Incluso debieron darle permiso a M. para que volviera a tener conmigo algo levemente parecido a una amistad particular. Pero no. Me decían que tuviera confianza, rezaba y rezaba, e iba aguantando.

Hasta que se acercó el momento del Centro de Estudios, y algo dentro de mí se rebeló. Imaginar que ya toda mi vida sería aquello era algo que no podía soportar. Así que dije que no iría al curso anual, que me iba.

Me pidieron que no lo comentara, ni con mi familia ni con nadie. Y casualmente, apareció M. en mi casa, para charlar, y, como quien no quiere la cosa, me preguntó por el curso anual. Y como me habían dicho que no dijera nada, di una excusa, que tenía que ayudar en casa, así que M. inmediatamente le preguntó a mi madre, que se quedó de lo más extrañada, y una vez atrapada en la mentira que me habían obligado a decir, no supe cómo salir de ella, y fui. Tiempo después, M. me pidió perdón por aquella trampa, me dijo que lo había hecho por obediencia, pero que no volvería a hacer algo así. Recuerdo cómo se echó a llorar, cómo me pedía una y otra vez que la perdonara. Nunca he olvidado a M. La volví a ver unos años después, y me pareció tan desdichada. No sé que habrá sido de ella.

El curso anual procuraron suavizármelo todo lo posible. Yo creo que fui, en cierto modo, provocando: el día que llegué, planteé que necesitaba todos los días un tiempo para mí sola, para cantar, y lo aceptaron sin preguntas; por las tardes tenía la azotea una hora y media para mí sola, para cantar (durante muchos años de mi vida el canto fue mi refugio, donde me deshacía de mis penas y mis angustias).

Y cuánto lo necesitaba, entonces. Hablaba con el sacerdote, y le decía “pero ¿cómo sabe uno que tiene vocación?” y él me decía que no era ninguna voz divina especial, sino una disposición a entregarse, que uno elige libremente; y yo le decía, pero entonces también puedo no elegirlo, y él me decía, ¿tú sabes lo que es, decirle que no a Dios? Cuántas horas estuve llorando en aquella capilla, con el alma rota en dos.

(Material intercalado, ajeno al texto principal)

(* Let $A$ be a VPA. The functions $t_f:\mathrm{AllFlat}\to\mathrm{rConf}$ and $\nu_f=\mathsf{rep}\circ t_f:\mathrm{AllFlat}\to\mathrm{Rep}$ are rational.
   Context: VPA $A=(Q,\Sigma,\Gamma,\bot,q_0,\delta,F)$ over a pushdown alphabet $\Sigma=\Sigma_c\cup\Sigma_r\cup\Sigma_{\mathit{int}}$ with $\delta_c:Q\times\Sigma_c\to(\Gamma\setminus\{\bot\})\times Q$, $\delta_r:Q\times\Sigma_r\times\Gamma\to Q$, $\delta_{\mathit{int}}:Q\times\Sigma_{\mathit{int}}\to Q$; configurations $\alpha q$ with $\alpha\in\bot(\Gamma\setminus\{\bot\})^*$; a call letter $a$ with $\delta(p,a)=(\gamma,q)$ maps $\alpha p$ to $\alpha\gamma q$; internal letters change only the state; return letters pop the top $\gamma\ne\bot$ (new state $\delta(p,a,\gamma)$) or read $\bot$ without popping. $\delta(c,w)$: configuration reached from $c$ on $w$; $\mathcal L(c)$: words leading to a state in $F$. $\mathrm{rConf}$: configurations reachable from $\bot q_0$. $\mathsf{rep}(c)$: length-lexicographically least (for fixed linear orders on $\Gamma$ and $Q$) $c'\in\mathrm{rConf}$ with $\mathcal L(c')=\mathcal L(c)$; $\mathrm{Rep}=\mathsf{rep}(\mathrm{rConf})$. $\Sigma_f=\Sigma_c\cup Q\cup Q^Q$ (disjoint union); $\mathrm{AllFlat}=Q^*(\Sigma_c\cup Q^QQ^* )^*$, each element factors uniquely as $s_0s_1\cdots s_m$ with $s_0\in Q^*$, $s_i\in\Sigma_c\cup Q^QQ^*$. $t_f(\varepsilon)=\bot q_0$; $t_f(q_1\cdots q_n)=\bot q_1$ for $n\ge1$; if $s_m\in\Sigma_c$ then $t_f(s_0\cdots s_m)=\delta(t_f(s_0\cdots s_{m-1}),s_m)$; if $s_m=\tau q_2\cdots q_k\in Q^QQ^*$ and $t_f(s_0\cdots s_{m-1})=\alpha q$ then $t_f(s_0\cdots s_m)=\alpha\tau(q)$. A partial function between free monoids is rational if its graph is a rational subset of the product monoid (recognized by a finite transducer). *)

theory Defs
  imports Main
begin

text \<open>The pushdown alphabet is the (finite) letter type 'a, partitioned into
  call, return and internal letters by the function kind.\<close>
datatype lkind = KCall | KRet | KInt

text \<open>The transition functions are total; dc / dr / di are only
  consulted on call / return / internal letters respectively.\<close>
record ('q, 'g, 'a) vpa =
  kind :: "'a \<Rightarrow> lkind"
  bot  :: 'g
  q0   :: 'q
  dc   :: "'q \<Rightarrow> 'a \<Rightarrow> 'g \<times> 'q"
  dr   :: "'q \<Rightarrow> 'a \<Rightarrow> 'g \<Rightarrow> 'q"
  di   :: "'q \<Rightarrow> 'a \<Rightarrow> 'q"
  fin  :: "'q set"

definition wf_vpa :: "('q, 'g, 'a) vpa \<Rightarrow> bool" where
  "wf_vpa A \<longleftrightarrow> (\<forall>p a. kind A a = KCall \<longrightarrow> fst (dc A p a) \<noteq> bot A)"

text \<open>A configuration alpha q: the stack alpha is a list written bottom-first
  (its head is bot, its last element is the top), paired with the state q.\<close>
type_synonym ('g, 'q) conf = "'g list \<times> 'q"

fun step :: "('q, 'g, 'a) vpa \<Rightarrow> ('g, 'q) conf \<Rightarrow> 'a \<Rightarrow> ('g, 'q) conf" where
  "step A (\<alpha>, p) a =
     (case kind A a of
        KCall \<Rightarrow> (\<alpha> @ [fst (dc A p a)], snd (dc A p a))
      | KInt \<Rightarrow> (\<alpha>, di A p a)
      | KRet \<Rightarrow> (if last \<alpha> = bot A then (\<alpha>, dr A p a (bot A))
               else (butlast \<alpha>, dr A p a (last \<alpha>))))"

definition run :: "('q, 'g, 'a) vpa \<Rightarrow> ('g, 'q) conf \<Rightarrow> 'a list \<Rightarrow> ('g, 'q) conf" where
  "run A c w = foldl (step A) c w"

definition lang :: "('q, 'g, 'a) vpa \<Rightarrow> ('g, 'q) conf \<Rightarrow> 'a list set" where
  "lang A c = {w. snd (run A c w) \<in> fin A}"

definition init_conf :: "('q, 'g, 'a) vpa \<Rightarrow> ('g, 'q) conf" where
  "init_conf A = ([bot A], q0 A)"

definition rConf :: "('q, 'g, 'a) vpa \<Rightarrow> ('g, 'q) conf set" where
  "rConf A = {run A (init_conf A) w | w. True}"

definition conf_less :: "('g::linorder, 'q::linorder) conf \<Rightarrow> ('g, 'q) conf \<Rightarrow> bool" where
  "conf_less c c' \<longleftrightarrow>
     length (fst c) < length (fst c') \<or>
     (length (fst c) = length (fst c') \<and>
        (lexordp (<) (fst c) (fst c') \<or> (fst c = fst c' \<and> snd c < snd c')))"

definition rep :: "('q::linorder, 'g::linorder, 'a) vpa \<Rightarrow> ('g, 'q) conf \<Rightarrow> ('g, 'q) conf" where
  "rep A c = (THE c'. c' \<in> rConf A \<and> lang A c' = lang A c \<and>
                 (\<forall>c''\<in>rConf A. lang A c'' = lang A c \<longrightarrow> c'' = c' \<or> conf_less c' c''))"

text \<open>The flat alphabet Sigma_f = Sigma_c + Q + Q^Q (only FC a with a a call letter
  is a letter of Sigma_f).\<close>
datatype ('a, 'q) flat = FC 'a | FQ 'q | FT "'q \<Rightarrow> 'q"

definition is_block :: "('q, 'g, 'a) vpa \<Rightarrow> ('a, 'q) flat list \<Rightarrow> bool" where
  "is_block A s \<longleftrightarrow> (\<exists>a. kind A a = KCall \<and> s = [FC a]) \<or> (\<exists>\<tau> qs. s = FT \<tau> # map FQ qs)"

definition AllFlat :: "('q, 'g, 'a) vpa \<Rightarrow> ('a, 'q) flat list set" where
  "AllFlat A = {map FQ qs @ concat ss | qs ss. \<forall>s\<in>set ss. is_block A s}"

definition tf_init :: "('q, 'g, 'a) vpa \<Rightarrow> 'q list \<Rightarrow> ('g, 'q) conf" where
  "tf_init A qs = (case qs of [] \<Rightarrow> init_conf A | q # _ \<Rightarrow> ([bot A], q))"

fun block_step :: "('q, 'g, 'a) vpa \<Rightarrow> ('g, 'q) conf \<Rightarrow> ('a, 'q) flat list \<Rightarrow> ('g, 'q) conf" where
  "block_step A c [FC a] = step A c a"
| "block_step A c (FT \<tau> # _) = (fst c, \<tau> (snd c))"
| "block_step A c _ = c"

text \<open>Graph of t_f : AllFlat \<rightarrow> rConf, defined along the (unique) factorisation
  s_0 s_1 ... s_m of a flat word.\<close>
definition tf_graph :: "('q, 'g, 'a) vpa \<Rightarrow> (('a, 'q) flat list \<times> ('g, 'q) conf) set" where
  "tf_graph A = {(map FQ qs @ concat ss, foldl (block_step A) (tf_init A qs) ss) | qs ss.
                   \<forall>s\<in>set ss. is_block A s}"

definition conf_word :: "('g, 'q) conf \<Rightarrow> ('g + 'q) list" where
  "conf_word c = map Inl (fst c) @ [Inr (snd c)]"

text \<open>Graphs of t_f and nu_f = rep o t_f as relations between free monoids.\<close>
definition tf_rel :: "('q, 'g, 'a) vpa \<Rightarrow> (('a, 'q) flat list \<times> ('g + 'q) list) set" where
  "tf_rel A = {(w, conf_word c) | w c. (w, c) \<in> tf_graph A}"

definition nuf_rel :: "('q::linorder, 'g::linorder, 'a) vpa \<Rightarrow> (('a, 'q) flat list \<times> ('g + 'q) list) set" where
  "nuf_rel A = {(w, conf_word (rep A c)) | w c. (w, c) \<in> tf_graph A}"

definition rel_prod :: "('a list \<times> 'b list) set \<Rightarrow> ('a list \<times> 'b list) set \<Rightarrow> ('a list \<times> 'b list) set" where
  "rel_prod X Y = {(u @ u', v @ v') | u v u' v'. (u, v) \<in> X \<and> (u', v') \<in> Y}"

inductive_set rel_star :: "('a list \<times> 'b list) set \<Rightarrow> ('a list \<times> 'b list) set" for X where
  rel_star_Nil: "([], []) \<in> rel_star X"
| rel_star_step: "(u, v) \<in> X \<Longrightarrow> (u', v') \<in> rel_star X \<Longrightarrow> (u @ u', v @ v') \<in> rel_star X"

inductive rational :: "('a list \<times> 'b list) set \<Rightarrow> bool" where
  rat_finite: "finite X \<Longrightarrow> rational X"
| rat_union: "rational X \<Longrightarrow> rational Y \<Longrightarrow> rational (X \<union> Y)"
| rat_prod: "rational X \<Longrightarrow> rational Y \<Longrightarrow> rational (rel_prod X Y)"
| rat_star: "rational X \<Longrightarrow> rational (rel_star X)"

end

theory Submission
  imports Defs
begin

Y así las cosas, en medio de una tertulia van y me anuncian que el curso próximo me envían al Centro de estudios, a Goroabe. Hice el paripé, mientras todas me felicitaban por lo afortunada que era, pero se me comía la indignación. ¿Cómo se atrevían a anunciar aquello, cuando yo había dicho bien claro antes del Curso Anual que no iría? Quizá pensaron que volverían a atraparme, que la política de hechos consumados funcionaría; por el contrario, sirvió para reforzar mi decisión. Ya no tuve más dudas; cuando volví, dije que dejaba la Obra. Me mandaron de un lado para otro, a hablar con personas importantes que no conocía, sacerdotes, directoras; e iba muerta de miedo, callaba y aguantaba, no sé que me decían esas personas, porque no estaba dispuesta a escucharlas.

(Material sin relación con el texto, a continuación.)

(* Fix $1<p<\infty$. Let $X$ and $Y$ be Banach spaces such that $X$ has the approximation property, $\mathcal A(X,Y)\subsetneq\mathcal K(X,Y)$, and $\big(\bigoplus_{n=1}^\infty X\big)_{\ell^p}$ is linearly isomorphic to $X$. Let $Z_p:=\big(\bigoplus_{j=0}^\infty X_j\big)_{\ell^p}$ with $X_0=Y$ and $X_j=X$ for $j\ge1$, and for $\emptyset\neq A\subsetneq\mathbb N$ let \[ \mathcal I_A:=\{S\in\mathcal K(Z_p): P_0SJ_0\in\mathcal A(Y),\ P_0SJ_k\in\mathcal A(X,Y)\text{ for all }k\in A\}. \] Then $\mathcal I_A$ and $\mathcal I_B$ are isomorphic as Banach algebras for all $\emptyset\neq A,B\subsetneq\mathbb N$.
   Context: $\mathbb N=\{1,2,3,\ldots\}$. For Banach spaces $E,F$, $\mathcal K(E,F)$ denotes the compact operators $E\to F$ and $\mathcal A(E,F)$ the approximable operators, i.e. the operator-norm closure of the bounded finite-rank operators $E\to F$; $\mathcal A(E)=\mathcal A(E,E)$, $\mathcal K(E)=\mathcal K(E,E)$. For $m,n\ge0$, $P_m:Z_p\to X_m$ and $J_n:X_n\to Z_p$ denote the natural coordinate projections and inclusions of the $\ell^p$-direct sum. A Banach algebra isomorphism is a bijective bounded algebra homomorphism (with bounded inverse). *)

theory Defs
  imports "HOL-Analysis.Analysis"
begin

definition finite_rank :: "('a::real_normed_vector \<Rightarrow> 'b::real_normed_vector) \<Rightarrow> bool" where
  "finite_rank F \<longleftrightarrow> (\<exists>B. finite B \<and> range F \<subseteq> span B)"
(* The plain bound 1 / (2 o_y) is not summable in y; moving a factor sqrt o_y over to the
   x-side is what makes the off-diagonal double series absolutely convergent. *)
lemma inverse_odd_num_gap_le:
  assumes "x \<noteq> y"
  shows "1 / (odd_num y * \<bar>odd_num y - odd_num x\<bar>)
    \<le> 2 * sqrt (odd_num x) / (odd_num y * sqrt (odd_num y))"
proof -
  define p q where "p = odd_num y" and "q = odd_num x"
  have p: "p \<ge> 1" and q: "q \<ge> 1"
    by (simp_all add: p_def q_def)
  have "\<bar>real y - real x\<bar> \<ge> 1"
    using assms by linarith
  then have gap: "\<bar>p - q\<bar> \<ge> 2"
    by (simp add: p_def q_def odd_num_diff abs_mult)
  have "sqrt p \<le> 2 * sqrt q * \<bar>p - q\<bar>"
  proof (cases "p \<le> 4 * q")
    case True
    then have "sqrt p \<le> 2 * sqrt q"
      using real_sqrt_le_mono[OF True] by (simp add: real_sqrt_mult)
    also have "\<dots> \<le> 2 * sqrt q * \<bar>p - q\<bar>"
      using gap q by simp
    finally show ?thesis .
  next
    case False
    have "sqrt p \<le> p"
      using p by (intro real_le_lsqrt) (auto simp: power2_eq_square)
    also have "\<dots> \<le> 2 * 1 * \<bar>p - q\<bar>"
      using False q by (auto simp: abs_if)
    also have "\<dots> \<le> 2 * sqrt q * \<bar>p - q\<bar>"
      using q by (intro mult_right_mono) auto
    finally show ?thesis .
  qed
  then have "p * sqrt p \<le> p * (2 * sqrt q * \<bar>p - q\<bar>)"
    using p by (intro mult_left_mono) auto
  then show ?thesis
    using p gap by (simp add: p_def [symmetric] q_def [symmetric] field_simps)
qed

lemma summable_on_punctured_row:
  assumes "\<And>y. y \<noteq> x \<Longrightarrow> \<bar>k y\<bar> \<le> 1 / (odd_num y * \<bar>odd_num y - odd_num x\<bar>)"
  shows "k summable_on - {x}"
proof -
  have "(\<lambda>y. 2 * sqrt (odd_num x) * (1 / (odd_num y * sqrt (odd_num y)))) summable_on - {x}"
    by (intro summable_on_cmult_right summable_on_subset[OF summable_on_odd_num_three_halves]) auto
  moreover have "norm (k y) \<le> 2 * sqrt (odd_num x) * (1 / (odd_num y * sqrt (odd_num y)))"
    if "y \<in> - {x}" for y
    using assms[of y] inverse_odd_num_gap_le[of x y] that by auto
  ultimately have "(\<lambda>y. norm (k y)) summable_on - {x}"
    by (rule Infinite_Sum.abs_summable_on_comparison_test')
  then show ?thesis
    by (rule summable_on_iff_abs_summable_on_real[THEN iffD2])
qed

lemma summable_on_off_diagonal:
  assumes "m \<ge> 2"
    and "\<And>x y. x \<noteq> y \<Longrightarrow> \<bar>k x y\<bar> \<le> 1 / (odd_num y * \<bar>odd_num y - odd_num x\<bar>)"
  shows "(\<lambda>(x, y). k x y / odd_num x ^ m) summable_on {(x, y). x \<noteq> y}"
proof (rule summable_on_dominated_by_product[where f = "\<lambda>x. 2 * (1 / (odd_num x * sqrt (odd_num x)))"
      and g = "\<lambda>y. 1 / (odd_num y * sqrt (odd_num y))"])
  show "(\<lambda>x. 2 * (1 / (odd_num x * sqrt (odd_num x)))) summable_on UNIV"
    by (intro summable_on_cmult_right summable_on_odd_num_three_halves)
  fix x y :: nat
  assume "(x, y) \<in> {(x, y). x \<noteq> y}"
  then have "\<bar>k x y\<bar> / odd_num x ^ m
      \<le> 2 * sqrt (odd_num x) / (odd_num y * sqrt (odd_num y)) / odd_num x ^ m"
    using assms(2)[of x y] inverse_odd_num_gap_le[of x y] by (intro divide_right_mono) auto
  also have "\<dots> = 2 * (sqrt (odd_num x) / odd_num x ^ m) * (1 / (odd_num y * sqrt (odd_num y)))"
    by simp
  also have "\<dots> \<le> 2 * (1 / (odd_num x * sqrt (odd_num x))) * (1 / (odd_num y * sqrt (odd_num y)))"
    using sqrt_odd_num_div_power_le[OF assms(1)] by (intro mult_right_mono mult_left_mono) auto
  finally show "\<bar>(\<lambda>(x, y). k x y / odd_num x ^ m) (x, y)\<bar>
    \<le> 2 * (1 / (odd_num x * sqrt (odd_num x))) * (1 / (odd_num y * sqrt (odd_num y)))"
    by simp
qed (use summable_on_odd_num_three_halves in auto)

Seguramente no fueron tantas, pero lo recuerdo como un obstáculo tras otro. Recuerdo que a veces pensaba, no lo conseguiré, me enredarán, no seré capaz de irme. Y seguía, repitiéndome a mí misma, adelante, mantente firme, no te pueden obligar si tú no quieres. Lo sentí como una prueba de supervivencia, a pesar de todas las reflexiones sobre la tentación, sobre negarse a la llamada de Dios, sentía que era el momento en que se decidía mi vida, y que, si cedía, me hundiría para siempre. La puerta abierta de par en par, qué cinismo.

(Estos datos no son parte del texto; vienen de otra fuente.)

lemma limitin_tail_closures:
  assumes lim: "limitin G f l sequentially"
    and ev: "\<forall>\<^sub>F j in sequentially. \<exists>k\<ge>n. f j \<in> G closure_of P k"
  shows "l \<in> tail_limits G P \<or> (\<exists>k\<ge>n. l \<in> G closure_of P k)"
proof -
  define kf where "kf j = (SOME k. k \<ge> n \<and> f j \<in> G closure_of P k)" for j
  have kf: "\<forall>\<^sub>F j in sequentially. kf j \<ge> n \<and> f j \<in> G closure_of P (kf j)"
    using ev unfolding kf_def by (rule eventually_mono) (rule someI_ex)
  show ?thesis
  proof (cases "filterlim kf sequentially sequentially")
    case True
    have "\<forall>\<^sub>F j in sequentially. V \<inter> P (kf j) \<noteq> {}" if "openin G V" "l \<in> V" for V
    proof -
      have "\<forall>\<^sub>F j in sequentially. f j \<in> V" using lim that unfolding limitin_def by blast
      with kf show ?thesis
        by eventually_elim (use that in \<open>auto simp: in_closure_of\<close>)
    qed
    then have "l \<in> tail_limits G P"
      unfolding tail_limits_def using True limitin_topspace[OF lim] by blast
    then show ?thesis ..
  next
    case False
    then obtain Z where "\<not> (\<forall>\<^sub>F j in sequentially. Z \<le> kf j)"
      unfolding filterlim_at_top by blast
    then have "\<exists>\<^sub>F j in sequentially. kf j < Z" by (simp add: not_eventually not_le)
    then have "\<exists>\<^sub>F j in sequentially. \<exists>k\<in>{..<Z}. n \<le> k \<and> f j \<in> G closure_of P k"
      using kf by (rule frequently_eventually_frequently[THEN frequently_elim1]) auto
    from frequently_bex_finite[OF finite_lessThan this] obtain k
      where "\<exists>\<^sub>F j in sequentially. n \<le> k \<and> f j \<in> G closure_of P k" ..
    then have "k \<ge> n" "\<exists>\<^sub>F j in sequentially. f j \<in> G closure_of P k"
      by (auto dest: frequently_ex elim: frequently_elim1)
    then show ?thesis using limitin_frequently_closedin[OF lim] by auto
  qed
qed

lemma closedin_tail_closures:
  assumes seq: "sequential_space G" and U: "openin G U" "U \<inter> tail_limits G P = {}"
  shows "closedin G ((topspace G - U) \<union> (\<Union>k\<in>{n..}. G closure_of P k))"
    (is "closedin G ?M")
proof (rule sequential_space_closedin[OF seq])
  show "?M \<subseteq> topspace G" by (auto simp: closure_of_subset_topspace[THEN subsetD])
  fix f l assume f: "\<forall>j. f j \<in> ?M" and lim: "limitin G f l sequentially"
  show "l \<in> ?M"
  proof (cases "l \<in> U")
    case False
    then show ?thesis using limitin_topspace[OF lim] by blast
  next
    case True
    then have "\<forall>\<^sub>F j in sequentially. f j \<in> U" using lim U(1) unfolding limitin_def by blast
    then have "\<forall>\<^sub>F j in sequentially. \<exists>k\<ge>n. f j \<in> G closure_of P k"
      using f by (auto elim!: eventually_mono)
    then show ?thesis using limitin_tail_closures[OF lim] True U(2) by blast
  qed
qed

lemma in_closure_of_tail_limits:
  assumes seq: "sequential_space G" and P: "\<And>k. P k \<subseteq> topspace G"
    and x: "x \<in> topspace G" "\<And>n. x \<in> G closure_of (\<Union>k\<in>{n..}. P k)"
  shows "x \<in> G closure_of tail_limits G P"
  unfolding in_closure_of
proof (intro conjI allI impI)
  show "x \<in> topspace G" by (rule x(1))
  fix U assume U: "x \<in> U \<and> openin G U"
  show "\<exists>y. y \<in> tail_limits G P \<and> y \<in> U"
  proof (rule ccontr)
    assume "\<not> ?thesis"
    then have disjoint: "U \<inter> tail_limits G P = {}" by blast
    have "\<exists>k\<ge>n. x \<in> G closure_of P k" for n
    proof -
      have "(\<Union>k\<in>{n..}. P k) \<subseteq> (topspace G - U) \<union> (\<Union>k\<in>{n..}. G closure_of P k)"
        using closure_of_subset[OF P] by blast
      moreover have "closedin G ((topspace G - U) \<union> (\<Union>k\<in>{n..}. G closure_of P k))"
        using closedin_tail_closures[OF seq conjunct2[OF U] disjoint] .
      ultimately have "G closure_of (\<Union>k\<in>{n..}. P k) \<subseteq>
          (topspace G - U) \<union> (\<Union>k\<in>{n..}. G closure_of P k)"
        by (rule closure_of_minimal)
      then have "x \<in> (topspace G - U) \<union> (\<Union>k\<in>{n..}. G closure_of P k)"
        using x(2) by blast
      then show ?thesis using U by blast
    qed
    then have inf: "infinite {k. x \<in> G closure_of P k}"
      unfolding infinite_nat_iff_unbounded_le by blast
    define kk where "kk = enumerate {k. x \<in> G closure_of P k}"
    have "filterlim kk sequentially sequentially"
      unfolding kk_def using filterlim_subseq strict_mono_enumerate[OF inf] by blast
    moreover have "V \<inter> P (kk j) \<noteq> {}" if "openin G V" "x \<in> V" for V j
      using enumerate_in_set[OF inf, of j] that unfolding kk_def in_closure_of by blast
    ultimately have "x \<in> tail_limits G P" unfolding tail_limits_def using x(1) by auto
    then show False using U disjoint by blast
  qed
qed

lemma nwd_star_iff:
  assumes "X \<subseteq> topspace G"
  shows "U \<in> nwd_star G X \<longleftrightarrow> openin (subtopology G X) U \<and>
    (\<forall>V. openin (subtopology G X) V \<and> V \<noteq> {} \<longrightarrow> U \<inter> V \<noteq> {})"
  using assms dense_intersects_open[of "subtopology G X" U] openin_subset[of "subtopology G X" U]
  unfolding nwd_star_def by (auto simp: Int_absorb1)

lemma topspace_in_nwd_star: "X \<subseteq> topspace G \<Longrightarrow> X \<in> nwd_star G X"
  using openin_topspace[of "subtopology G X"] by (auto simp: nwd_star_iff Int_absorb1 dest: openin_subset)

lemma nwd_star_Int:
  assumes "X \<subseteq> topspace G" "U \<in> nwd_star G X" "V \<in> nwd_star G X"
  shows "U \<inter> V \<in> nwd_star G X"
proof -
  have "U \<inter> V \<inter> W \<noteq> {}" if "openin (subtopology G X) W" "W \<noteq> {}" for W
  proof -
    have "U \<inter> W \<noteq> {}" "openin (subtopology G X) (U \<inter> W)"
      using assms that by (auto simp: nwd_star_iff)
    then show ?thesis using assms(1,3) by (auto simp: nwd_star_iff Int_assoc)
  qed
  then show ?thesis using assms by (auto simp: nwd_star_iff)
qed

lemma nwd_star_avoiding_finitely_many:
  fixes P :: "nat \<Rightarrow> 'a set"
  assumes "X \<subseteq> topspace G" and "\<And>k. \<exists>U\<in>nwd_star G X. U \<inter> P k = {}"
  shows "\<exists>U\<in>nwd_star G X. \<forall>k<n. U \<inter> P k = {}"
proof (induction n)
  case 0
  then show ?case using topspace_in_nwd_star[OF assms(1)] by blast
next
  case (Suc n)
  then obtain U where U: "U \<in> nwd_star G X" "\<forall>k<n. U \<inter> P k = {}" by blast
  obtain V where V: "V \<in> nwd_star G X" "V \<inter> P n = {}" using assms(2) by blast
  have "U \<inter> V \<in> nwd_star G X" using nwd_star_Int[OF assms(1) U(1) V(1)] .
  moreover have "\<forall>k<Suc n. U \<inter> V \<inter> P k = {}" using U(2) V(2) less_Suc_eq by auto
  ultimately show ?case by blast
qed

lemma in_closure_of_Int_nwd_star:
  assumes X: "X \<subseteq> topspace G"
    and x: "x \<in> subtopology G X interior_of (subtopology G X closure_of E)"
    and U: "U \<in> nwd_star G X"
  shows "x \<in> G closure_of (E \<inter> U)"
  unfolding in_closure_of
proof (intro conjI allI impI)
  let ?XT = "subtopology G X"
  show "x \<in> topspace G" using x interior_of_subset_topspace by fastforce
  fix W assume W: "x \<in> W \<and> openin G W"
  have "openin ?XT (W \<inter> X \<inter> ?XT interior_of (?XT closure_of E))"
    using W by (intro openin_Int openin_subtopology_Int) auto
  moreover have "x \<in> W \<inter> X \<inter> ?XT interior_of (?XT closure_of E)"
    using W x interior_of_subset_topspace by fastforce
  ultimately obtain z where z: "z \<in> U" "z \<in> W \<inter> X \<inter> ?XT interior_of (?XT closure_of E)"
    using U X unfolding nwd_star_iff[OF X] by blast
  have "openin ?XT (U \<inter> (W \<inter> X))"
    using U W X by (intro openin_Int openin_subtopology_Int) (auto simp: nwd_star_iff)
  moreover have "z \<in> U \<inter> (W \<inter> X)" using z by blast
  moreover have "z \<in> ?XT closure_of E"
    using z(2) interior_of_subset[of ?XT "?XT closure_of E"] by blast
  then have "\<forall>T. z \<in> T \<and> openin ?XT T \<longrightarrow> (\<exists>y. y \<in> E \<and> y \<in> T)"
    unfolding in_closure_of by blast
  ultimately obtain y where "y \<in> E" "y \<in> U \<inter> (W \<inter> X)" by meson
  then show "\<exists>y. y \<in> E \<inter> U \<and> y \<in> W" by blast
qed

Pero me fui. Y el caso es que no escribí ninguna carta. Meses después me telefonearon, diciendo que el proceso no había acabado, que quedaban algunas formalidades. Les contesté que no las pensaba hacer, que yo tenía claro que no pertenecía a la Obra, pero que si ellos me querían seguir considerando numeraria, que me daba lo mismo.

En realidad no estuve mucho tiempo, desde los catorce y medio a los dieciséis, algo menos de dos años. Pero qué final tan largo, qué difícil, qué rota estaba, cuánto me costó reconstruirme. Cómo debe haber sido para aquellos de vosotros que estuvisteis diez, quince, veinte años, toda una vida.

Para todos, mi solidaridad y mi cariño.